People who are allergic can also develop tolerance to a specific dog over time. Candice, for example, eventually developed a tolerance to her German-shepherd mix, Tesla, despite getting all watery-eyed and sneezy at first. In addition, allergy shots, also called immunotherapy, can help people build up tolerance by gradually increasing exposure to an allergen; Candice eventually resorted to them with Fiore.

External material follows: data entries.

(* Let $\mathbf{v}(\mathbf{x},t)$ be a smooth velocity field on a domain in $\mathbb{R}^3$, let $\mathbf{x}(t)$, $t\in[t_0,t_1]$, be a trajectory ($\dot{\mathbf{x}}=\mathbf{v}(\mathbf{x},t)$), and for $\tau,t\in[t_0,t_1]$ let $\mathbf{F}_\tau^t$ be the deformation gradient along it, i.e. the solution of $\dot{\mathbf{F}}_\tau^t=\nabla\mathbf{v}(\mathbf{x}(t),t)\mathbf{F}_\tau^t$, $\mathbf{F}_\tau^\tau=\mathbf{I}$. Then: (i) $\mathbf{F}_\tau^t$ admits a unique decomposition $\mathbf{F}_\tau^t=\mathbf{O}_\tau^t\mathbf{M}_\tau^t=\mathbf{N}_\tau^t\mathbf{O}_\tau^t$ in which $\mathbf{O}_\tau^t$ is a rotational linear process, $\mathbf{M}_\tau^t$ is an irrotational family, and $(\mathbf{N}_\tau^t)^T$ is irrotational as a function of $\tau$ (i.e. $[\frac{d}{d\tau}(\mathbf{N}_\tau^t)^T][(\mathbf{N}_\tau^t)^T]^{-1}$ is symmetric). (ii) $\mathbf{M}_\tau^t$ and $\mathbf{N}_\tau^t=(\mathbf{M}_t^\tau)^{-1}$ are nonsingular, have the same singular values as $\mathbf{F}_\tau^t$, and satisfy $(\mathbf{M}_\tau^t)^T\mathbf{M}_\tau^t=(\mathbf{F}_\tau^t)^T\mathbf{F}_\tau^t$ and $\mathbf{N}_\tau^t(\mathbf{N}_\tau^t)^T=\mathbf{F}_\tau^t(\mathbf{F}_\tau^t)^T$ (so they share the principal strain values and axes of the polar stretch tensors). (iii) The factors are the unique solutions of $$\dot{\mathbf{O}}_\tau^t=\mathbf{W}(\mathbf{x}(t),t)\mathbf{O}_\tau^t,\ \mathbf{O}_\tau^\tau=\mathbf{I};\qquad \dot{\mathbf{M}}_\tau^t=\big[\mathbf{O}_t^\tau\mathbf{D}(\mathbf{x}(t),t)\mathbf{O}_\tau^t\big]\mathbf{M}_\tau^t,\ \mathbf{M}_\tau^\tau=\mathbf{I};$$ $$\frac{d}{d\tau}(\mathbf{N}_\tau^t)^T=-\big[\mathbf{O}_\tau^t\mathbf{D}(\mathbf{x}(\tau),\tau)\mathbf{O}_t^\tau\big](\mathbf{N}_\tau^t)^T,\ (\mathbf{N}_t^t)^T=\mathbf{I}.$$
   Context: $\mathbf{W}=\frac12[\nabla\mathbf{v}-(\nabla\mathbf{v})^T]$ (spin tensor) and $\mathbf{D}=\frac12[\nabla\mathbf{v}+(\nabla\mathbf{v})^T]$ (rate-of-strain tensor). A linear process is a $C^1$ two-parameter family $\mathbf{T}_\tau^t$ of linear maps with $\mathbf{T}_t^t=\mathbf{I}$ and $\mathbf{T}_\tau^t=\mathbf{T}_s^t\mathbf{T}_\tau^s$ for all $\tau,s,t$. A smooth two-parameter family $\mathbf{T}_\tau^t$ is rotational if $\dot{\mathbf{T}}_\tau^t(\mathbf{T}_\tau^t)^{-1}$ is skew-symmetric for all $\tau,t$ (equivalently $\mathbf{T}_\tau^t\in SO(3)$), and irrotational if $\dot{\mathbf{T}}_\tau^t(\mathbf{T}_\tau^t)^{-1}$ is symmetric for all $\tau,t$; the dot denotes $\partial/\partial t$. Also $\mathbf{O}_t^\tau=(\mathbf{O}_\tau^t)^{-1}=(\mathbf{O}_\tau^t)^T$. *)

theory Defs
  imports "HOL-Analysis.Analysis"
begin

type_synonym mat3 = "real^3^3"

text \<open>Two-parameter families T tau t of 3x3 matrices, considered for tau, t in an interval I.
  The dot denotes the partial derivative in the second (upper) parameter t.\<close>

definition dt :: "real set \<Rightarrow> (real \<Rightarrow> real \<Rightarrow> mat3) \<Rightarrow> real \<Rightarrow> real \<Rightarrow> mat3" where
  "dt I T \<tau> t = vector_derivative (\<lambda>s. T \<tau> s) (at t within I)"

definition dtau :: "real set \<Rightarrow> (real \<Rightarrow> real \<Rightarrow> mat3) \<Rightarrow> real \<Rightarrow> real \<Rightarrow> mat3" where
  "dtau I T \<tau> t = vector_derivative (\<lambda>s. T s t) (at \<tau> within I)"

definition skew_sym :: "mat3 \<Rightarrow> bool" where
  "skew_sym A \<longleftrightarrow> transpose A = - A"

definition sym_mat :: "mat3 \<Rightarrow> bool" where
  "sym_mat A \<longleftrightarrow> transpose A = A"

definition C1_family :: "real set \<Rightarrow> (real \<Rightarrow> real \<Rightarrow> mat3) \<Rightarrow> bool" where
  "C1_family I T \<longleftrightarrow>
     (\<forall>\<tau>\<in>I. \<forall>t\<in>I. ((\<lambda>s. T \<tau> s) has_vector_derivative dt I T \<tau> t) (at t within I)
                   \<and> ((\<lambda>s. T s t) has_vector_derivative dtau I T \<tau> t) (at \<tau> within I))
   \<and> continuous_on (I \<times> I) (\<lambda>(\<tau>, t). dt I T \<tau> t)
   \<and> continuous_on (I \<times> I) (\<lambda>(\<tau>, t). dtau I T \<tau> t)"

definition linear_process :: "real set \<Rightarrow> (real \<Rightarrow> real \<Rightarrow> mat3) \<Rightarrow> bool" where
  "linear_process I T \<longleftrightarrow> C1_family I T
     \<and> (\<forall>t\<in>I. T t t = mat 1)
     \<and> (\<forall>\<tau>\<in>I. \<forall>s\<in>I. \<forall>t\<in>I. T \<tau> t = T s t ** T \<tau> s)"

definition rotational :: "real set \<Rightarrow> (real \<Rightarrow> real \<Rightarrow> mat3) \<Rightarrow> bool" where
  "rotational I T \<longleftrightarrow> C1_family I T \<and>
     (\<forall>\<tau>\<in>I. \<forall>t\<in>I. invertible (T \<tau> t) \<and> skew_sym (dt I T \<tau> t ** matrix_inv (T \<tau> t)))"

definition irrotational :: "real set \<Rightarrow> (real \<Rightarrow> real \<Rightarrow> mat3) \<Rightarrow> bool" where
  "irrotational I T \<longleftrightarrow> C1_family I T \<and>
     (\<forall>\<tau>\<in>I. \<forall>t\<in>I. invertible (T \<tau> t) \<and> sym_mat (dt I T \<tau> t ** matrix_inv (T \<tau> t)))"

definition irrotational_tau :: "real set \<Rightarrow> (real \<Rightarrow> real \<Rightarrow> mat3) \<Rightarrow> bool" where
  "irrotational_tau I T \<longleftrightarrow> C1_family I T \<and>
     (\<forall>\<tau>\<in>I. \<forall>t\<in>I. invertible (T \<tau> t) \<and> sym_mat (dtau I T \<tau> t ** matrix_inv (T \<tau> t)))"

text \<open>Singular values with multiplicity: multiplicity of sigma >= 0 is the dimension of the
  eigenspace of the symmetric matrix A^T A for eigenvalue sigma^2.\<close>
definition sv_mult :: "mat3 \<Rightarrow> real \<Rightarrow> nat" where
  "sv_mult A \<sigma> = (if \<sigma> \<ge> 0 then dim {v. (transpose A ** A) *v v = (\<sigma>^2) *\<^sub>R v} else 0)"

definition same_singular_values :: "mat3 \<Rightarrow> mat3 \<Rightarrow> bool" where
  "same_singular_values A B \<longleftrightarrow> sv_mult A = sv_mult B"

definition spin :: "mat3 \<Rightarrow> mat3" where
  "spin L = (1/2) *\<^sub>R (L - transpose L)"

definition strain_rate :: "mat3 \<Rightarrow> mat3" where
  "strain_rate L = (1/2) *\<^sub>R (L + transpose L)"

definition OMN_decomp :: "real set \<Rightarrow> (real \<Rightarrow> real \<Rightarrow> mat3) \<Rightarrow> (real \<Rightarrow> real \<Rightarrow> mat3)
    \<Rightarrow> (real \<Rightarrow> real \<Rightarrow> mat3) \<Rightarrow> (real \<Rightarrow> real \<Rightarrow> mat3) \<Rightarrow> bool" where
  "OMN_decomp I F R M N \<longleftrightarrow>
     (\<forall>\<tau>\<in>I. \<forall>t\<in>I. F \<tau> t = R \<tau> t ** M \<tau> t \<and> F \<tau> t = N \<tau> t ** R \<tau> t)
   \<and> linear_process I R \<and> rotational I R
   \<and> irrotational I M
   \<and> irrotational_tau I (\<lambda>\<tau> t. transpose (N \<tau> t))"

end

theory Submission
  imports Defs
begin

text \<open>The deformation gradient F is the propagator of the velocity gradient L = W + D along the
  trajectory. Let O be the propagator of the spin W; as W is skew, O is a rotation. Then
  M = O^T F and N = F O^T satisfy F = O M = N O, and differentiating in the rotating frame
  gives M' = (O^T D O) M and, in the lower parameter, (N^T)' = -(O D O^T) N^T, both with
  symmetric coefficients. Conversely, differentiating F = O M for rotational O and irrotational M
  splits L into the symmetric part O (M' M^-1) O^T and the skew part O' O^-1, so O' O^-1 = W and
  O is the propagator of W. Everything rests on existence (by Picard iteration) and uniqueness
  of solutions of linear matrix equations X' = C X.\<close>

lemma bilinear_matrix_matrix_mult: "bilinear ((**) :: real^'n^'m \<Rightarrow> real^'p^'n \<Rightarrow> real^'p^'m)"
  unfolding bilinear_def
  by (auto intro!: linearI simp: matrix_add_ldistrib scalar_matrix_assoc matrix_scalar_ac)
     (vector matrix_matrix_mult_def sum.distrib field_simps)

lemma bounded_bilinear_matrix_matrix_mult:
  "bounded_bilinear ((**) :: real^'n^'m \<Rightarrow> real^'p^'n \<Rightarrow> real^'p^'m)"
  using bilinear_conv_bounded_bilinear bilinear_matrix_matrix_mult by blast

lemma bounded_linear_transpose: "bounded_linear (transpose :: real^'n^'m \<Rightarrow> real^'m^'n)"
  by (simp add: linear_conv_bounded_linear[symmetric]) (rule linearI; vector transpose_def)

lemmas matrix_add_rdistrib = bounded_bilinear.add_left[OF bounded_bilinear_matrix_matrix_mult]
lemmas matrix_diff_ldistrib = bounded_bilinear.diff_right[OF bounded_bilinear_matrix_matrix_mult]
lemmas matrix_diff_rdistrib = bounded_bilinear.diff_left[OF bounded_bilinear_matrix_matrix_mult]
lemmas matrix_mul_lneg = bounded_bilinear.minus_left[OF bounded_bilinear_matrix_matrix_mult]
lemmas matrix_mul_rneg = bounded_bilinear.minus_right[OF bounded_bilinear_matrix_matrix_mult]
lemmas matrix_mul_lzero [simp] = bounded_bilinear.zero_left[OF bounded_bilinear_matrix_matrix_mult]
lemmas matrix_mul_rzero [simp] = bounded_bilinear.zero_right[OF bounded_bilinear_matrix_matrix_mult]
lemmas transpose_add = linear_add[OF bounded_linear.linear[OF bounded_linear_transpose]]
lemmas transpose_diff = linear_diff[OF bounded_linear.linear[OF bounded_linear_transpose]]
lemmas transpose_minus = linear_neg[OF bounded_linear.linear[OF bounded_linear_transpose]]

lemmas continuous_on_matrix_mult[continuous_intros] =
  bounded_bilinear.continuous_on[OF bounded_bilinear_matrix_matrix_mult]
lemmas continuous_on_transpose[continuous_intros] =
  bounded_linear.continuous_on[OF bounded_linear_transpose]
lemmas has_vector_derivative_matrix_mult =
  bounded_bilinear.has_vector_derivative[OF bounded_bilinear_matrix_matrix_mult]
lemmas has_vector_derivative_transpose =
  bounded_linear.has_vector_derivative[OF bounded_linear_transpose]

lemma continuous_on_product_fst: "continuous_on A f \<Longrightarrow> continuous_on (A \<times> B) (\<lambda>p. f (fst p))"
  by (rule continuous_on_compose2[OF _ continuous_on_fst]) auto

The inverse of this principle explains the Thanksgiving effect, where people who leave for college come home suddenly allergic to their childhood pet after not being exposed for a long time.

Nasal steroid sprays and antihistamines such as Claritin and Allegra, which are available over the counter, can also be used to manage allergies these days. That wasn’t always the case, recalls Lockey, who began practicing medicine in the 1960s. Back then, there weren’t good medications for controlling allergies, and he would just tell patients to keep their pets outdoors. “That just doesn’t go anymore,” he told me. Now few dogs are kept exclusively outdoors, especially in cities. They sleep in our homes and even our beds. As dogs have become physically enmeshed in our lives, dog allergies can no longer be as easily ignored as when the animals lived outside.

The myth of an allergy-free dog persists, though, and Stukus often sees this frustration play out in families with allergic kids. “This is the point that I hear all the time from families: It’s the grandparents,” he told me. Parents might quickly discover that their kids are allergic to “hypoallergenic” dogs. But grandparents, eager for their grandkids to visit, push back because their expensive pet is supposed to be hypoallergenic—“The Obamas had the same dog. It’s fine!”—only for the kids to end up coughing and miserable. He keeps hearing the same lament. “They just don’t understand,” the parents tell him, “that there’s no such thing as a hypoallergenic dog.”